11. The method recited in claim 10, wherein the join operation comprises one of:

an aggregation;

a user defined function; or

combinations thereof.

12. The method recited in claim 10, wherein the join is based on a mixed value packet that represents a single value packet comprising a plurality of tuples of a plurality of types.

13. The method recited in claim 12, comprising combining a plurality of mixed value packets in a sorted mixed stream.

14. The method recited in claim 13, comprising combining the plurality of mixed value packets in a sorted mixed stream during the creation of an index.

15. The method recited in claim 13, wherein the plurality of mixed value packets are used to produce and refine an early result from a join operation.

16. The method recited in claim 13, wherein the plurality of mixed value packets are used to produce and refine an early result from an aggregation operation.

17. A computer system for generating results for a sort operation comprising a top statement, comprising:

a memory; and

a processor, configured to:

write a subset of an input to memory;

sort the subset based on the sort operation;

produce early results based on the sorted subset;

compare the early results to previous results; and

recall the previous results from a client of the sort operation.

18. The computer system recited in claim 17, wherein the sort operation comprises a join operation comprising one of:

an aggregation;

a user defined function; or

combinations thereof.

19. The computer system recited in claim 18, wherein the join is based on a mixed value packet that represents a single value packet comprising a plurality of tuples of a plurality of types.
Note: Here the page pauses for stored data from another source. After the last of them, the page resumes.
lemma openin_unif_top_ball:
  assumes "pseudometric_on (stalk (fst p)) (d (fst p))" "f \<in> Cont stalk d p"
  shows "openin (unif_top stalk d p)
           {g \<in> Cont stalk d p. unif_dist (stalk (snd p)) (d (fst p)) f g < ereal r}"
  unfolding unif_top_def
proof (rule openin_pm_topology_ball[OF _ assms(2)])
  fix f g h assume "f \<in> Cont stalk d p" "g \<in> Cont stalk d p" "h \<in> Cont stalk d p"
  then show "unif_dist (stalk (snd p)) (d (fst p)) f h
               \<le> unif_dist (stalk (snd p)) (d (fst p)) f g + unif_dist (stalk (snd p)) (d (fst p)) g h"
    unfolding unif_dist_def using assms(1) by (intro SUP_pseudometric_triangle) (auto intro: Cont_mem_stalk)
qed

lemma openin_assign_top_ball:
  assumes "\<And>U. openin T U \<Longrightarrow> pseudometric_on (stalk U) (d U)"
    and "a \<in> Pi\<^sub>E {U. openin T U} stalk"
  shows "openin (assign_top T stalk d)
           {b \<in> Pi\<^sub>E {U. openin T U} stalk. assign_dist T d a b < ereal r}"
  unfolding assign_top_def
proof (rule openin_pm_topology_ball[OF _ assms(2)])
  fix a b c assume "a \<in> Pi\<^sub>E {U. openin T U} stalk" "b \<in> Pi\<^sub>E {U. openin T U} stalk"
    "c \<in> Pi\<^sub>E {U. openin T U} stalk"
  then show "assign_dist T d a c \<le> assign_dist T d a b + assign_dist T d b c"
    unfolding assign_dist_def using assms(1) by (intro SUP_pseudometric_triangle) auto
qed

lemma topspace_ShvPA_top:
  "topspace (ShvPA_top T stalk d) = Pi\<^sub>E (Incl T) (Cont stalk d) \<times> Pi\<^sub>E {U. openin T U} stalk"
  unfolding ShvPA_top_def unif_top_def assign_top_def by simp

lemma openin_ShvPA_top_ball:
  assumes pm: "\<And>U. openin T U \<Longrightarrow> pseudometric_on (stalk U) (d U)"
    and p: "p \<in> Incl T" and Ra: "(R, a) \<in> topspace (ShvPA_top T stalk d)"
  shows "openin (ShvPA_top T stalk d)
           {z \<in> topspace (ShvPA_top T stalk d).
              unif_dist (stalk (snd p)) (d (fst p)) (R p) (fst z p) < ereal r \<and>
              assign_dist T d a (snd z) < ereal s}"
    (is "openin ?X ?N")
proof -
  let ?B = "{g \<in> Cont stalk d p. unif_dist (stalk (snd p)) (d (fst p)) (R p) g < ereal r}"
  let ?A = "{b \<in> Pi\<^sub>E {U. openin T U} stalk. assign_dist T d a b < ereal s}"
  have coords: "fst z p \<in> Cont stalk d p" "snd z \<in> Pi\<^sub>E {U. openin T U} stalk"
    if "z \<in> topspace ?X" for z
    using that p unfolding topspace_ShvPA_top by auto
  have "continuous_map ?X (unif_top stalk d p) ((\<lambda>R. R p) \<circ> fst)"
    unfolding ShvPA_top_def
    by (rule continuous_map_compose[OF continuous_map_fst continuous_map_product_projection[OF p]])
  moreover have "openin (unif_top stalk d p) ?B"
  proof (rule openin_unif_top_ball)
    show "pseudometric_on (stalk (fst p)) (d (fst p))"
      using pm p unfolding Incl_def by auto
    show "R p \<in> Cont stalk d p"
      using coords(1)[OF Ra] by simp
  qed
  ultimately have "openin ?X {z \<in> topspace ?X. fst z p \<in> ?B}"
    using openin_continuous_map_preimage by fastforce
  moreover have "openin ?X {z \<in> topspace ?X. snd z \<in> ?A}"
  proof (rule openin_continuous_map_preimage)
    show "continuous_map ?X (assign_top T stalk d) snd"
      unfolding ShvPA_top_def by (rule continuous_map_snd)
    show "openin (assign_top T stalk d) ?A"
      using pm coords(2)[OF Ra] by (intro openin_assign_top_ball) simp_all
  qed
  ultimately have "openin ?X ({z \<in> topspace ?X. fst z p \<in> ?B} \<inter> {z \<in> topspace ?X. snd z \<in> ?A})"
    by (rule openin_Int)
  also have "{z \<in> topspace ?X. fst z p \<in> ?B} \<inter> {z \<in> topspace ?X. snd z \<in> ?A} = ?N"
    using coords by blast
  finally show ?thesis .
qed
20. A non-transitory, computer-readable medium comprising machine-readable instructions executable by a processor for querying a data stream, the non-transitory, computer-readable medium comprising:

computer-readable instructions that, when executed by the processor, write a subset of an input to memory;

computer-readable instructions that, when executed by the processor, sort the subset based on the sort operation, wherein the sort operation comprises a join operation, wherein the join is based on a mixed value packet that represents a single value packet comprising a plurality of tuples of a plurality of types;

computer-readable instructions that, when executed by the processor, produce early results based on the sorted subset;

computer-readable instructions that, when executed by the processor, compare the early results to previous results;

computer-readable instructions that, when executed by the processor, recall the previous results from a client of the sort operation; and

computer-readable instructions that, when executed by the processor, combine a plurality of mixed value packets in a sorted mixed stream.